While reading through the material below, copy each line that holds the word "maximal".

Start of Block

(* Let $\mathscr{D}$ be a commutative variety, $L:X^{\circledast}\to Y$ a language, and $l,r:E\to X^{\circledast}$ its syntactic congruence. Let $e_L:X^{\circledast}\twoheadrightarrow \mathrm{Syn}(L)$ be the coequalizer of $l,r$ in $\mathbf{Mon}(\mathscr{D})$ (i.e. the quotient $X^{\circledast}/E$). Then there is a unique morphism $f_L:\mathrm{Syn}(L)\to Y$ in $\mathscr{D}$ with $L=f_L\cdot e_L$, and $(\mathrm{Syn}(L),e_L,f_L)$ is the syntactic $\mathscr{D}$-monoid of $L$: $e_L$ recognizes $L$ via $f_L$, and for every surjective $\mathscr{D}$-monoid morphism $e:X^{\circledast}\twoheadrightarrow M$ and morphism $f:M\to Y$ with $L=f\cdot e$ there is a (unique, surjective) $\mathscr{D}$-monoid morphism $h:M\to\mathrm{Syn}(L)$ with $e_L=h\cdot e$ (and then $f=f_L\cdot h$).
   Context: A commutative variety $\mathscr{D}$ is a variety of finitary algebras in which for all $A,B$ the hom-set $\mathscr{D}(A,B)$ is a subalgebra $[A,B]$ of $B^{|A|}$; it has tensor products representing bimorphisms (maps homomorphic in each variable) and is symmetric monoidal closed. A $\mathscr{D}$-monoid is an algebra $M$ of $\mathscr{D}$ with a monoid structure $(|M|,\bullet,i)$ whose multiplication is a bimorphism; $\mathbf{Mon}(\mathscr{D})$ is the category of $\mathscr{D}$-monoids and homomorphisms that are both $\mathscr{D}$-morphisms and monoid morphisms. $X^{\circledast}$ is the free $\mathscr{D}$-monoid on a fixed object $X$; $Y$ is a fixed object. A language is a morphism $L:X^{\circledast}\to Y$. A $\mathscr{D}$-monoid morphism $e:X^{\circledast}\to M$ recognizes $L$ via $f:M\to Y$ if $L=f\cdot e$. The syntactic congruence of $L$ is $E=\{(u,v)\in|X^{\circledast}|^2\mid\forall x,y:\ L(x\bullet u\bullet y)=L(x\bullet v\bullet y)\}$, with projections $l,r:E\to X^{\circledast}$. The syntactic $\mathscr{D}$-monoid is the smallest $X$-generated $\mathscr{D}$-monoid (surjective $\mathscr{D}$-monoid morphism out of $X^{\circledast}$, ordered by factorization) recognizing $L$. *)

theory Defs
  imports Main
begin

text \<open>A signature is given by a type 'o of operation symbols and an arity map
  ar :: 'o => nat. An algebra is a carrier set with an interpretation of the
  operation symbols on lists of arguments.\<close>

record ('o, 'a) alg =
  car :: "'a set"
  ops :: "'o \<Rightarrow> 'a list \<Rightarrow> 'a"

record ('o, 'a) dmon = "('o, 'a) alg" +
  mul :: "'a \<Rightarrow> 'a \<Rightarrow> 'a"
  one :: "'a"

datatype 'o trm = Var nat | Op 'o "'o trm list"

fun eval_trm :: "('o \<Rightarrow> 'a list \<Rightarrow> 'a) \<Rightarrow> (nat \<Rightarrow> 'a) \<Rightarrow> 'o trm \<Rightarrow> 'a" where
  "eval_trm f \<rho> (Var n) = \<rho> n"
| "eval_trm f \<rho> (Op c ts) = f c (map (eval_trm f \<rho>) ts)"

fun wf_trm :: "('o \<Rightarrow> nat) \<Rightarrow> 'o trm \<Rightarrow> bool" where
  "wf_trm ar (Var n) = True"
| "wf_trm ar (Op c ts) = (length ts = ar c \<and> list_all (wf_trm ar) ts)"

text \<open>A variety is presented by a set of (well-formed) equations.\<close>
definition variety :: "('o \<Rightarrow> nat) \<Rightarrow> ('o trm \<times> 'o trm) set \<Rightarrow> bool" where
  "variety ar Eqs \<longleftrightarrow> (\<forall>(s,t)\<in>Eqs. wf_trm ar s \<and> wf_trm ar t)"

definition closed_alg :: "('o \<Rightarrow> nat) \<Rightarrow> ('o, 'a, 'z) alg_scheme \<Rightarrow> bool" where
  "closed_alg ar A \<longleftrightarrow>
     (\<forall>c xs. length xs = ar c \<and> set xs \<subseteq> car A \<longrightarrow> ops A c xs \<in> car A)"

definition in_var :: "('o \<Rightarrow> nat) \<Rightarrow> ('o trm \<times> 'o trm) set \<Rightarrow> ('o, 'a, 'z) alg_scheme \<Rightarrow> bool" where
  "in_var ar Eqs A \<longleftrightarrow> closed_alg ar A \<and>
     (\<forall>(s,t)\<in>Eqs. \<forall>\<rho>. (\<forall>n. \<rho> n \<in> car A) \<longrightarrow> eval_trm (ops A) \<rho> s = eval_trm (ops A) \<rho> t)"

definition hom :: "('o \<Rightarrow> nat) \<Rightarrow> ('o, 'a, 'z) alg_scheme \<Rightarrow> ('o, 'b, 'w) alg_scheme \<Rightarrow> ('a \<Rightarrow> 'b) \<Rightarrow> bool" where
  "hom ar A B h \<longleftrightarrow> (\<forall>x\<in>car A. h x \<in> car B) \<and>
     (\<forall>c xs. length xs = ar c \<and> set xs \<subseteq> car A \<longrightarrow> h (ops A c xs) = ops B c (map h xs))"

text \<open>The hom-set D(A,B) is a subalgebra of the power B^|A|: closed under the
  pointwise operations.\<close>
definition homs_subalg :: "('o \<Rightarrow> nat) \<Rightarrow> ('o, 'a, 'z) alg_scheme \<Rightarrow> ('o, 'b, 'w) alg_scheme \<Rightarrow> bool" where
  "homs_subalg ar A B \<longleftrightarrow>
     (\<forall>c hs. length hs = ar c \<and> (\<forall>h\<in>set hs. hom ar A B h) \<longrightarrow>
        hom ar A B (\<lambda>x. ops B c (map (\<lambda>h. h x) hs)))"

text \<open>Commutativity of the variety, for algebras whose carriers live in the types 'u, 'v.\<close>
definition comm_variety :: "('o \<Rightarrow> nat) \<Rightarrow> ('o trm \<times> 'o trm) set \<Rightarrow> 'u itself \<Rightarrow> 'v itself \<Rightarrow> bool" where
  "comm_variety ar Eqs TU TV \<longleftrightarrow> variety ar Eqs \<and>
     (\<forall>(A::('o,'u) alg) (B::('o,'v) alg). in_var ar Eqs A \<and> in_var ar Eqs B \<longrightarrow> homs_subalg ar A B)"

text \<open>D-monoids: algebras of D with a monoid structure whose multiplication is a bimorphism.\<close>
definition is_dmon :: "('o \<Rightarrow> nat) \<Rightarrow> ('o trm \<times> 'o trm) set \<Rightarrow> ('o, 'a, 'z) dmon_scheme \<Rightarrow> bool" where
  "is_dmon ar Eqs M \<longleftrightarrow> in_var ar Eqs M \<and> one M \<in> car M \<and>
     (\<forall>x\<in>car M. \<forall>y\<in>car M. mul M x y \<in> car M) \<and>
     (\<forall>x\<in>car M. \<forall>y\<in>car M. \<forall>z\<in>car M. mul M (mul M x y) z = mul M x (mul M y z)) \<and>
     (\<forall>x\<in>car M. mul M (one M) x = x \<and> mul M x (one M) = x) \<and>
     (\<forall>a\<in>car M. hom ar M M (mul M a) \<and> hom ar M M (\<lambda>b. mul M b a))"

End of Block
Start of Block

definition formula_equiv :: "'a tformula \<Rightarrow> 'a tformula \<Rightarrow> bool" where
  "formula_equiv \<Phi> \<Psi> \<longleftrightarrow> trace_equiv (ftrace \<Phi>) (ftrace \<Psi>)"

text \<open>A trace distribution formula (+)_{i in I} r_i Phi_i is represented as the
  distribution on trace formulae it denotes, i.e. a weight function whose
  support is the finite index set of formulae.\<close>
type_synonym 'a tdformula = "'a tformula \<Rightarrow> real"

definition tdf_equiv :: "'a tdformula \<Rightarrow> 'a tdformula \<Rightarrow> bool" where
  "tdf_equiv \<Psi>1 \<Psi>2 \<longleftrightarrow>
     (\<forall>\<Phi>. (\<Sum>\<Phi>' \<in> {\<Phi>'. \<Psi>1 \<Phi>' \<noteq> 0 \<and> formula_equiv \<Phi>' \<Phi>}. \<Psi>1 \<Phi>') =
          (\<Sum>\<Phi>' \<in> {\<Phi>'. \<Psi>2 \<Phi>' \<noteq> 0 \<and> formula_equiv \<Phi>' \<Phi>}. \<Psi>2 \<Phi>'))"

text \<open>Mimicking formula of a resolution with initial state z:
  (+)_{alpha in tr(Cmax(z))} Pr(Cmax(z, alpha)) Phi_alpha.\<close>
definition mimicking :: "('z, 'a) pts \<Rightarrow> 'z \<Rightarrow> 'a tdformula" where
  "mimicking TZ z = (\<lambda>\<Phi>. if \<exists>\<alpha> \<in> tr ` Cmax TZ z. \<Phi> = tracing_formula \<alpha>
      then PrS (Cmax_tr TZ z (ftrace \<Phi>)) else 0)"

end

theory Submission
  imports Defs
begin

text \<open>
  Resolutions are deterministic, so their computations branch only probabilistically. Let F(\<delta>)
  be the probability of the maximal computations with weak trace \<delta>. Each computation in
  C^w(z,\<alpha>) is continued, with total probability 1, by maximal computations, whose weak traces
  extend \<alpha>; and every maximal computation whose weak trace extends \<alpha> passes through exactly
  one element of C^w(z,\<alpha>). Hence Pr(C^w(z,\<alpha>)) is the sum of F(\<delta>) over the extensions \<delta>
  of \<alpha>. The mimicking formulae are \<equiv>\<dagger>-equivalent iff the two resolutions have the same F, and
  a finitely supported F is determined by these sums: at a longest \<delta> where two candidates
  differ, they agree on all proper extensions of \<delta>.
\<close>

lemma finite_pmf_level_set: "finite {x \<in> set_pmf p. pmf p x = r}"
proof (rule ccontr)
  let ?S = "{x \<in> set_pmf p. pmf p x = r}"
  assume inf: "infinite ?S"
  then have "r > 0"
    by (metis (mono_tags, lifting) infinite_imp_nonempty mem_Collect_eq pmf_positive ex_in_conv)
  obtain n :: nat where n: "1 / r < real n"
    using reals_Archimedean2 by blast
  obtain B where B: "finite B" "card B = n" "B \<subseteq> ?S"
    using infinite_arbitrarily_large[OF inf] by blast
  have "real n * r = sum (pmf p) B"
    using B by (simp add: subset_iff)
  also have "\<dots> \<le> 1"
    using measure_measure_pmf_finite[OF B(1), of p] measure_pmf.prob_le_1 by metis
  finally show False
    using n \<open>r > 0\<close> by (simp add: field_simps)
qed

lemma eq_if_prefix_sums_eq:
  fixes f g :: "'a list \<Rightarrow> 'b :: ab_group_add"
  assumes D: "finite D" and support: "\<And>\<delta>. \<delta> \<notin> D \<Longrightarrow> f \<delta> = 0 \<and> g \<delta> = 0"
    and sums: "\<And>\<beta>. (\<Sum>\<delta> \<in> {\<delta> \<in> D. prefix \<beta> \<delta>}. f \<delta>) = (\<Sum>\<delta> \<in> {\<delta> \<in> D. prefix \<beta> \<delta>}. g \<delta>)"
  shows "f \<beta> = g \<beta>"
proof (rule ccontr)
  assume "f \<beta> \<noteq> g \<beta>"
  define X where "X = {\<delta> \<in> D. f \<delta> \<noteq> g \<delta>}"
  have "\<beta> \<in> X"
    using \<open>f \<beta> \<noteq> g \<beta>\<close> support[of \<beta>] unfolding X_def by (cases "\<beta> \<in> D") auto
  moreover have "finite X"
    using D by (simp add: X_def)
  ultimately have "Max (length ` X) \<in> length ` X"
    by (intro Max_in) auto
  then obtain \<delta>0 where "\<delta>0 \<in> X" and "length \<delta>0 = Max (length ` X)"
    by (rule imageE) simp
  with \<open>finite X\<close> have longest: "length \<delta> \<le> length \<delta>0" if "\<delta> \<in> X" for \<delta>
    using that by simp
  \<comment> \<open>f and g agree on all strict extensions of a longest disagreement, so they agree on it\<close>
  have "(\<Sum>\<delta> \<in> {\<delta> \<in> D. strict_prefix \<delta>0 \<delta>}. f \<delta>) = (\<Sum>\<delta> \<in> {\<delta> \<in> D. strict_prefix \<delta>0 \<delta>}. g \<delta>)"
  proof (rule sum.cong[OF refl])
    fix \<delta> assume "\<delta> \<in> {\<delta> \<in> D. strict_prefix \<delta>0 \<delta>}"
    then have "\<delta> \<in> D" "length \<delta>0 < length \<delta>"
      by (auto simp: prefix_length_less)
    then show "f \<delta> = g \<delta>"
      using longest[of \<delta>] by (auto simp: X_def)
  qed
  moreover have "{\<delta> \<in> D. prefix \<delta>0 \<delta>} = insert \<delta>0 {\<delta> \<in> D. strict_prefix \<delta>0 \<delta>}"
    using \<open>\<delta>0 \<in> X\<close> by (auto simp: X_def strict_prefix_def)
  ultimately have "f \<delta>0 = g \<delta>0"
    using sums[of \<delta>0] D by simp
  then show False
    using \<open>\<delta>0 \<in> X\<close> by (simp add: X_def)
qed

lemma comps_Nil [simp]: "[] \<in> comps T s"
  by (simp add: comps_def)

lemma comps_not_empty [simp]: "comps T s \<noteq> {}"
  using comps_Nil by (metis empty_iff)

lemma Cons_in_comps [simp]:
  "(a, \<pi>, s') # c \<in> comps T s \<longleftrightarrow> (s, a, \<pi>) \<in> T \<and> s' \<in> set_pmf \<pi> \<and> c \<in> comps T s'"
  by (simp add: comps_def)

End of Block

**SOLVED EXERCISE:**
  be the probability of the maximal computations with weak trace \<delta>. Each computation in
  C^w(z,\<alpha>) is continued, with total probability 1, by maximal computations, whose weak traces
  extend \<alpha>; and every maximal computation whose weak trace extends \<alpha> passes through exactly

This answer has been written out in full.